## Directions for this task
Word for word, transcribe the data below from the line with "(\<forall>(x, y)\<in>set S." to the line with "unfolding realizable_def realizable_set_def", keeping both of those lines.

(Beginning of Listed entries)

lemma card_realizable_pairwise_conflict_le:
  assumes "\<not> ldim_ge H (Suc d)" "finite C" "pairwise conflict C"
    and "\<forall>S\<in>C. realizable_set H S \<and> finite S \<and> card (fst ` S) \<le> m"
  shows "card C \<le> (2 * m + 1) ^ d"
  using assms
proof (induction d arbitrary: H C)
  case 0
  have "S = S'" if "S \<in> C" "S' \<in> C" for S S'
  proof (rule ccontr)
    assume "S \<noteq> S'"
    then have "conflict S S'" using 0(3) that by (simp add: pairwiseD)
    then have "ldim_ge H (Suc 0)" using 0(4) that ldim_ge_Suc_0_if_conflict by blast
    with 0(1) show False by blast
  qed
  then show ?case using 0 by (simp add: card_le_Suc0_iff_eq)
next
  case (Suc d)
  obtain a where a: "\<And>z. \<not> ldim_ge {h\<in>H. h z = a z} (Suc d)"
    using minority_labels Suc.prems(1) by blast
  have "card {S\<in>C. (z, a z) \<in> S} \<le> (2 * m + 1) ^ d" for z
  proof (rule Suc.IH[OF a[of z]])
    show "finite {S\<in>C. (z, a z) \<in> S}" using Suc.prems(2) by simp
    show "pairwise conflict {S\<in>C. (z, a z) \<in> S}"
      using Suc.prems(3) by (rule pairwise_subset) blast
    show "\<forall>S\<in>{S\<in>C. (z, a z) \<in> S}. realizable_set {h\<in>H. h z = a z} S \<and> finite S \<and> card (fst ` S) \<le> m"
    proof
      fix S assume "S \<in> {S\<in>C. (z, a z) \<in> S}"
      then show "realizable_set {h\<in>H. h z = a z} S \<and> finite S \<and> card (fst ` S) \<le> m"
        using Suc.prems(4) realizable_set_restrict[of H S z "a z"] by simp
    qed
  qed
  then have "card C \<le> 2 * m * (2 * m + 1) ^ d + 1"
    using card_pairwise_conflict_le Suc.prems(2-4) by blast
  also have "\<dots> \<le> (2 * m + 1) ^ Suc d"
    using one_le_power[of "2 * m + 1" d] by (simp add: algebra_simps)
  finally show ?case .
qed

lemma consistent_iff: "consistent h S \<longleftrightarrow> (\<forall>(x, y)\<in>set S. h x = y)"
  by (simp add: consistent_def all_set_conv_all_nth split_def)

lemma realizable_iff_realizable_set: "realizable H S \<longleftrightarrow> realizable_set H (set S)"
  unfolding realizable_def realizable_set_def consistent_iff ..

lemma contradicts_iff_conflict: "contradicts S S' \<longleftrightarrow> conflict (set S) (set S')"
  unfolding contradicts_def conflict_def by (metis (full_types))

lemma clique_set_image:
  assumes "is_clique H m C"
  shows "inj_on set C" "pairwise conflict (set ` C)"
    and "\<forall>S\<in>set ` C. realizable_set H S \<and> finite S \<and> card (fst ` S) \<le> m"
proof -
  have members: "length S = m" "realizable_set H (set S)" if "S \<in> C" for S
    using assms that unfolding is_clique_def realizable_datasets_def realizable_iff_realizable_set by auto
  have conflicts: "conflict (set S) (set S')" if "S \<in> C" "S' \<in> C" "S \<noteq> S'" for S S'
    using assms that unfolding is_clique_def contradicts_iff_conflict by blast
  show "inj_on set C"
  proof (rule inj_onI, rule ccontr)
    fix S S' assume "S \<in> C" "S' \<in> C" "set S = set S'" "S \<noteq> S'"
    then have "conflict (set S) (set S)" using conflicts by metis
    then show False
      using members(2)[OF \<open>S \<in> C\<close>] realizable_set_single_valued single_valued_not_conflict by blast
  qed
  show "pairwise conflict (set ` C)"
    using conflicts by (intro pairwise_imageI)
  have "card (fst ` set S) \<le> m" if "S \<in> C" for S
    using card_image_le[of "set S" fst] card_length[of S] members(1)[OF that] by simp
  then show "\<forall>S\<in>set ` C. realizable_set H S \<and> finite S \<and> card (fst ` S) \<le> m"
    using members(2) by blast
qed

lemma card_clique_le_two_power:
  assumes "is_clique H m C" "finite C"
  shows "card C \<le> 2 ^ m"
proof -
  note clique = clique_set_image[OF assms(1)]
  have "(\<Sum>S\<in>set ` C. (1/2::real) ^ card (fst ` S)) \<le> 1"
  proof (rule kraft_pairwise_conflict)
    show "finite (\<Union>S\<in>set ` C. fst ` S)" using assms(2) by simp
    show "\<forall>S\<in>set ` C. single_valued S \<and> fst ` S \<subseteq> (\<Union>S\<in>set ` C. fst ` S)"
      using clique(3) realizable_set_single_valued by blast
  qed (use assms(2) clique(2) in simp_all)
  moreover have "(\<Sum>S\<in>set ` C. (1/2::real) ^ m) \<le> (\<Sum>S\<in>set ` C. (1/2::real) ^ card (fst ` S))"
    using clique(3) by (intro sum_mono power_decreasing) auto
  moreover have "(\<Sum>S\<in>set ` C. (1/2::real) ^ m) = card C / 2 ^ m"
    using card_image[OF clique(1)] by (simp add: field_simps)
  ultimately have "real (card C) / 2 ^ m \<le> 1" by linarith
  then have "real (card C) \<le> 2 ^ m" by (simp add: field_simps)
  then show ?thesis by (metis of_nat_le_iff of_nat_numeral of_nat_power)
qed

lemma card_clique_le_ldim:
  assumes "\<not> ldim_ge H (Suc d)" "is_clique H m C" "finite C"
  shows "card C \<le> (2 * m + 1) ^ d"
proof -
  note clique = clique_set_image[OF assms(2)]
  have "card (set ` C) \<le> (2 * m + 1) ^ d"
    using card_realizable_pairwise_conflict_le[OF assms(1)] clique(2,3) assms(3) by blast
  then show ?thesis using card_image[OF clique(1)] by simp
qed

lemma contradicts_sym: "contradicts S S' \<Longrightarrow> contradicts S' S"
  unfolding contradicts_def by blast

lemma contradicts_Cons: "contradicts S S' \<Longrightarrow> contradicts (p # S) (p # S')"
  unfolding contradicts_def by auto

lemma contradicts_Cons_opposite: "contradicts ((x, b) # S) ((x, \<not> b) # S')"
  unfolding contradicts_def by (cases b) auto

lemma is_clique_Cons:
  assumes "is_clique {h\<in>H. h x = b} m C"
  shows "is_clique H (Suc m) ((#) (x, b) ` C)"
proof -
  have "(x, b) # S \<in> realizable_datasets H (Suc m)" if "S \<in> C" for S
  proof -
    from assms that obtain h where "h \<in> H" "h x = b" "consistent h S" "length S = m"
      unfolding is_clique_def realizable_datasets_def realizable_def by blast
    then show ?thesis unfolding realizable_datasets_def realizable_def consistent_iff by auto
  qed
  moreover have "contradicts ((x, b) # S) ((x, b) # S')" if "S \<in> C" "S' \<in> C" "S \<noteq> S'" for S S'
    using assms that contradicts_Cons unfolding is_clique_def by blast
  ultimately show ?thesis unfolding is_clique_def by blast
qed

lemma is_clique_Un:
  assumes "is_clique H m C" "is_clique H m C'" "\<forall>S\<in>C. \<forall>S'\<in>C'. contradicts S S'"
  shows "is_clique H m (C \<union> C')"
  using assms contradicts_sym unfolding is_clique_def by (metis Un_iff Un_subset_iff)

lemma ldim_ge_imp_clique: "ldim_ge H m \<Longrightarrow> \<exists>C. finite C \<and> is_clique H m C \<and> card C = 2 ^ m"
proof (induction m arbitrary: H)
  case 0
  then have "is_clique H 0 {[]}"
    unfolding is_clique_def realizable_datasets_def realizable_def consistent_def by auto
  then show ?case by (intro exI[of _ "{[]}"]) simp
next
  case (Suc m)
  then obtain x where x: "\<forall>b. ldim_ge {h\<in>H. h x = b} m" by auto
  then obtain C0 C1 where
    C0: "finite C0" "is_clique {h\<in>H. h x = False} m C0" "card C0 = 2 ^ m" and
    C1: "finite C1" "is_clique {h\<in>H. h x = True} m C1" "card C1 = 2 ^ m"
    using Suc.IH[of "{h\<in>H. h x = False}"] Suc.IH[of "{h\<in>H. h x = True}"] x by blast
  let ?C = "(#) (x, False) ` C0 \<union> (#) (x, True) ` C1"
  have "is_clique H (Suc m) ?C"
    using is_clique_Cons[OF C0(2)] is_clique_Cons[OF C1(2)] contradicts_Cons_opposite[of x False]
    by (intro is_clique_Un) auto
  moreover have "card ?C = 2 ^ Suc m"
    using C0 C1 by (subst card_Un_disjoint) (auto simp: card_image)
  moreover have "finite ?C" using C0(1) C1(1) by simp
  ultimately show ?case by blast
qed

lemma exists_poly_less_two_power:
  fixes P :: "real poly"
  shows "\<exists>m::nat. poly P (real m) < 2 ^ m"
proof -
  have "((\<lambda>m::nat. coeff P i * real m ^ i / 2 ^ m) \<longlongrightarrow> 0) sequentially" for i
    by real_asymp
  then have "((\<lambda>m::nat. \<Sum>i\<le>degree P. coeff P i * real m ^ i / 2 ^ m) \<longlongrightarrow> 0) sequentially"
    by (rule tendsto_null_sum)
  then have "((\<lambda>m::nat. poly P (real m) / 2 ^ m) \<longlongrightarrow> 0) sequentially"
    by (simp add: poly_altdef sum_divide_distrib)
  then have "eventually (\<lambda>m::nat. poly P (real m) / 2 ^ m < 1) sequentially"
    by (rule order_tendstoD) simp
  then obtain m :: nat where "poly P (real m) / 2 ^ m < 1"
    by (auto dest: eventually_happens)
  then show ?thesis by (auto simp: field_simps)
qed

(End of Listed entries)

## Written solution
lemma consistent_iff: "consistent h S \<longleftrightarrow> (\<forall>(x, y)\<in>set S. h x = y)"
  by (simp add: consistent_def all_set_conv_all_nth split_def)

lemma realizable_iff_realizable_set: "realizable H S \<longleftrightarrow> realizable_set H (set S)"
  unfolding realizable_def realizable_set_def consistent_iff ..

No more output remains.